AI-POWERED SYSTEM FOR NETWORK ACTIVITY MONITORING AND DETECTION OF SQL INJECTION ATTACKS USING ZABBIX AND GRAFANA
DOI:
https://doi.org/10.54309/IJICT.2025.23.3.004Keywords:
SQL injection, WAF, OWASP, Zabbix, Grafana, AI, NetworkAbstract
Timely and accurate detection of SQL injection attacks is not an easy problem. It is essentially an online pattern matching task, requiring constant monitoring of huge volumes of network traffic and fast inferences about tiny anomalies. To automate the burden of this task, we design and implement an intelligent monitoring system that combinatorially leverages Zabbix for data ingestion, Grafana for visual interactive analysis, and machine learning models for activity classification. The system architecture continuously pulls raw network flows through Zabbix agents at strategic ingress and egress points. Collected metrics (HTTP request patterns, query payload entropy, anomalous response latency, etc.) are then passed to an optional pre-processing module, which applies feature engineering and dimensionality reduction.
The ensemble of a gradient-boosted decision tree and recurrent neural network then assigns a real-time probabilistic SQL-injection risk score to each session. Events with a score above a pre-set threshold are simultaneously logged to Zabbix, plotted on Grafana dashboards, and routed for action to security orchestration playbooks. The closed feedback loop greatly reduces mean time to detection (MTTD) and mean time to response (MTTR) so that high-risk events are actively responded to by security analysts while benign noise is automatically filtered out.

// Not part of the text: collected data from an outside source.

text \<open>traj ... g k = joint law of the history up to time k+1 under strategy g.\<close>
fun traj :: "nat \<Rightarrow> (real \<Rightarrow> mf \<Rightarrow> real \<Rightarrow> real) \<Rightarrow> (nat \<Rightarrow> real) pmf \<Rightarrow> (nat \<Rightarrow> real) pmf
    \<Rightarrow> real \<Rightarrow> strategy \<Rightarrow> nat \<Rightarrow> hist pmf" where
  "traj n f init noise q g 0 =
     map_pmf (\<lambda>s. [(s, Some (emp n s), g 1 [Some (emp n s)] [])]) init"
| "traj n f init noise q g (Suc k) =
     bind_pmf (traj n f init noise q g k) (\<lambda>hs.
       bind_pmf noise (\<lambda>w. map_pmf (\<lambda>b. ext_hist n f g hs w b) (bernoulli_pmf q)))"

text \<open>Conditional law of m_t given o_{1:t}, a_{1:t-1} (those of the history hs).\<close>
definition belief :: "nat \<Rightarrow> hist pmf \<Rightarrow> hist \<Rightarrow> mf pmf" where
  "belief n P hs = map_pmf (\<lambda>hs'. emp n (fst (last hs')))
     (cond_pmf P {hs'. obs_of hs' = obs_of hs \<and> butlast (acts_of hs') = butlast (acts_of hs)})"

definition J :: "nat \<Rightarrow> (real \<Rightarrow> mf \<Rightarrow> real \<Rightarrow> real) \<Rightarrow> (nat \<Rightarrow> real) pmf \<Rightarrow> (nat \<Rightarrow> real) pmf
    \<Rightarrow> real \<Rightarrow> (mf pmf \<Rightarrow> mf) \<Rightarrow> (mf \<Rightarrow> mf \<Rightarrow> bool \<Rightarrow> real) \<Rightarrow> real \<Rightarrow> strategy \<Rightarrow> real" where
  "J n f init noise q h c \<gamma> g =
     (\<Sum>k. \<gamma> ^ k * measure_pmf.expectation (traj n f init noise q g k)
        (\<lambda>hs. c (emp n (fst (last hs))) (h (belief n (traj n f init noise q g k) hs))
               (snd (snd (last hs)))))"

text \<open>Transition matrix of the empirical distribution: from m, pick any state
configuration with empirical distribution m (well-defined under exchangeability).\<close>
definition rep :: "nat \<Rightarrow> real set \<Rightarrow> mf \<Rightarrow> nat \<Rightarrow> real" where
  "rep n S m = (SOME s. (\<forall>i<n. s i \<in> S) \<and> emp n s = m)"

definition Tstep :: "nat \<Rightarrow> real set \<Rightarrow> (real \<Rightarrow> mf \<Rightarrow> real \<Rightarrow> real) \<Rightarrow> (nat \<Rightarrow> real) pmf
    \<Rightarrow> mf \<Rightarrow> mf pmf" where
  "Tstep n S f noise m = map_pmf (\<lambda>w. emp n (\<lambda>i. f (rep n S m i) m (w i))) noise"

text \<open>Tpow ... y x = T_m^y(., x); so T_m^y(m, x) = pmf (Tpow ... y x) m.\<close>
fun Tpow :: "nat \<Rightarrow> real set \<Rightarrow> (real \<Rightarrow> mf \<Rightarrow> real \<Rightarrow> real) \<Rightarrow> (nat \<Rightarrow> real) pmf
    \<Rightarrow> nat \<Rightarrow> mf \<Rightarrow> mf pmf" where
  "Tpow n S f noise 0 x = return_pmf x"
| "Tpow n S f noise (Suc y) x = bind_pmf (Tpow n S f noise y x) (Tstep n S f noise)"

definition chat :: "nat \<Rightarrow> real set \<Rightarrow> (real \<Rightarrow> mf \<Rightarrow> real \<Rightarrow> real) \<Rightarrow> (nat \<Rightarrow> real) pmf
    \<Rightarrow> (mf pmf \<Rightarrow> mf) \<Rightarrow> (mf \<Rightarrow> mf \<Rightarrow> bool \<Rightarrow> real) \<Rightarrow> mf \<Rightarrow> nat \<Rightarrow> bool \<Rightarrow> real" where
  "chat n S f noise h c x y a =
     (\<Sum>m\<in>Mn n S. c m (h (Tpow n S f noise y x)) a * pmf (Tpow n S f noise y x) m)"

definition fhat :: "mf \<Rightarrow> nat \<Rightarrow> obs \<Rightarrow> mf \<times> nat" where
  "fhat x y ob = (case ob of None \<Rightarrow> (x, Suc y) | Some m \<Rightarrow> (m, 0))"

definition xy :: "obs list \<Rightarrow> mf \<times> nat" where
  "xy os = foldl (\<lambda>p ob. fhat (fst p) (snd p) ob) (the (hd os), 0) (tl os)"

definition obsprob :: "nat \<Rightarrow> real set \<Rightarrow> (real \<Rightarrow> mf \<Rightarrow> real \<Rightarrow> real) \<Rightarrow> (nat \<Rightarrow> real) pmf
    \<Rightarrow> real \<Rightarrow> mf \<Rightarrow> nat \<Rightarrow> bool \<Rightarrow> obs \<Rightarrow> real" where
  "obsprob n S f noise q x y a ob =
     (1 - of_bool a * q) * of_bool (ob = None)
     + of_bool a * q * (case ob of None \<Rightarrow> 0 | Some m \<Rightarrow> pmf (Tpow n S f noise (Suc y) x) m)"

definition Qval :: "nat \<Rightarrow> real set \<Rightarrow> (real \<Rightarrow> mf \<Rightarrow> real \<Rightarrow> real) \<Rightarrow> (nat \<Rightarrow> real) pmf
    \<Rightarrow> real \<Rightarrow> (mf pmf \<Rightarrow> mf) \<Rightarrow> (mf \<Rightarrow> mf \<Rightarrow> bool \<Rightarrow> real) \<Rightarrow> real
    \<Rightarrow> (mf \<Rightarrow> nat \<Rightarrow> real) \<Rightarrow> mf \<Rightarrow> nat \<Rightarrow> bool \<Rightarrow> real" where
  "Qval n S f noise q h c \<gamma> V x y a =
     chat n S f noise h c x y a
     + \<gamma> * (\<Sum>ob\<in>insert None (Some ` Mn n S).
              obsprob n S f noise q x y a ob * case_prod V (fhat x y ob))"

definition bellman :: "nat \<Rightarrow> real set \<Rightarrow> (real \<Rightarrow> mf \<Rightarrow> real \<Rightarrow> real) \<Rightarrow> (nat \<Rightarrow> real) pmf
    \<Rightarrow> real \<Rightarrow> (mf pmf \<Rightarrow> mf) \<Rightarrow> (mf \<Rightarrow> mf \<Rightarrow> bool \<Rightarrow> real) \<Rightarrow> real
    \<Rightarrow> (mf \<Rightarrow> nat \<Rightarrow> real) \<Rightarrow> bool" where
  "bellman n S f noise q h c \<gamma> V \<longleftrightarrow>
     (\<forall>x\<in>Mn n S. \<forall>y. V x y = min (Qval n S f noise q h c \<gamma> V x y False)
                                 (Qval n S f noise q h c \<gamma> V x y True))"

definition bounded_V :: "nat \<Rightarrow> real set \<Rightarrow> (mf \<Rightarrow> nat \<Rightarrow> real) \<Rightarrow> bool" where
  "bounded_V n S V \<longleftrightarrow> (\<exists>B. \<forall>x\<in>Mn n S. \<forall>y. \<bar>V x y\<bar> \<le> B)"

end

theory Submission
  imports Defs
begin

text \<open>
  Under exchangeable noises, the law of the next empirical distribution depends on the current
  configuration only through its empirical distribution, so m_t is a Markov chain with kernel T.
  By induction on t, the joint law of the information (o_{1:t}, a_{1:t}) and of m_t factors, for
  every strategy, into the law of the information followed by m_t ~ T^{y_t}(., x_t). Hence the
  belief is T^{y_t}(., x_t), the expected cost at time t is the expectation of
  chat(x_t, y_t, a_t), and the next observation has the law P(o | x_t, y_t, a_t): the problem is a
  Markov decision problem on the planning states (x, y).

  With bounded costs the Bellman operator is a gamma-contraction in the sup norm, so value
  iteration converges to a bounded solution V. For every strategy g,
  E V(x_t, y_t) <= E chat(x_t, y_t, a_t) + gamma E V(x_{t+1}, y_{t+1}), with equality for a
  strategy that always picks a minimising action; unrolling and letting the horizon tend to
  infinity gives J(g*) = E V(x_1, 0) <= J(g).
\<close>

section \<open>Empirical distributions\<close>

lemma sum_card_fibers:
  assumes "finite A" "finite S" "s ` A \<subseteq> S"
  shows "(\<Sum>x\<in>S. card {i\<in>A. s i = x}) = card A"
proof -
  have "A = (\<Union>x\<in>S. {i\<in>A. s i = x})" using assms by auto
  also have "card \<dots> = (\<Sum>x\<in>S. card {i\<in>A. s i = x})"
    by (rule card_UN_disjoint) (use assms in auto)
  finally show ?thesis by simp
qed

lemma emp_in_Mn:
  assumes "n \<ge> 1" "finite S" "\<forall>i<n. s i \<in> S"
  shows "emp n s \<in> Mn n S"
proof -
  have "{i\<in>{..<n}. s i = x} = {i. i < n \<and> s i = x}" for x by auto
  hence "(\<Sum>x\<in>S. card {i. i < n \<and> s i = x}) = n"
    using sum_card_fibers[of "{..<n}" S s] assms by auto
  hence "(\<Sum>x\<in>S. real (card {i. i < n \<and> s i = x})) = real n"
    by (metis of_nat_sum)
  hence "(\<Sum>x\<in>S. emp n s x) = 1"
    unfolding emp_def using assms(1) by (simp add: sum_divide_distrib[symmetric])
  moreover have "emp n s x = 0" if "x \<notin> S" for x
    using that assms(3) unfolding emp_def by auto
  moreover have "card {i. i < n \<and> s i = x} \<le> n" for x
    using card_mono[of "{..<n}" "{i. i < n \<and> s i = x}"] by auto
  ultimately show ?thesis unfolding Mn_def emp_def by blast
qed

lemma finite_Mn: "finite S \<Longrightarrow> finite (Mn n S)"
proof -
  assume "finite S"
  have "Mn n S \<subseteq> {m. \<forall>x. (x \<in> S \<longrightarrow> m x \<in> (\<lambda>k. real k / real n) ` {..n}) \<and> (x \<notin> S \<longrightarrow> m x = 0)}"
    unfolding Mn_def by auto
  moreover have "finite \<dots>" by (rule finite_set_of_finite_funs) (use \<open>finite S\<close> in auto)
  ultimately show ?thesis by (rule finite_subset)
qed

lemma card_nth_eq_count_mset: "card {i. i < length xs \<and> xs ! i = x} = count (mset xs) x"
  by (simp add: count_mset count_list_eq_length_filter length_filter_conv_card eq_commute)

Experimental validation on a 5.2 million HTTP transaction labeled dataset reports 97.3 % recall and 1.8 % false positives, improving over the signature-based baseline monitors by more than 12 percentage points on F1-score. Production-quality deployment tests also verify zero-overhead (<2 % CPU, <50 MB RAM) on the hosts monitored. The proposed system thus provides an efficient, scalable, and adaptive solution to protect enterprises against SQL-injection attacks with AI-based monitoring.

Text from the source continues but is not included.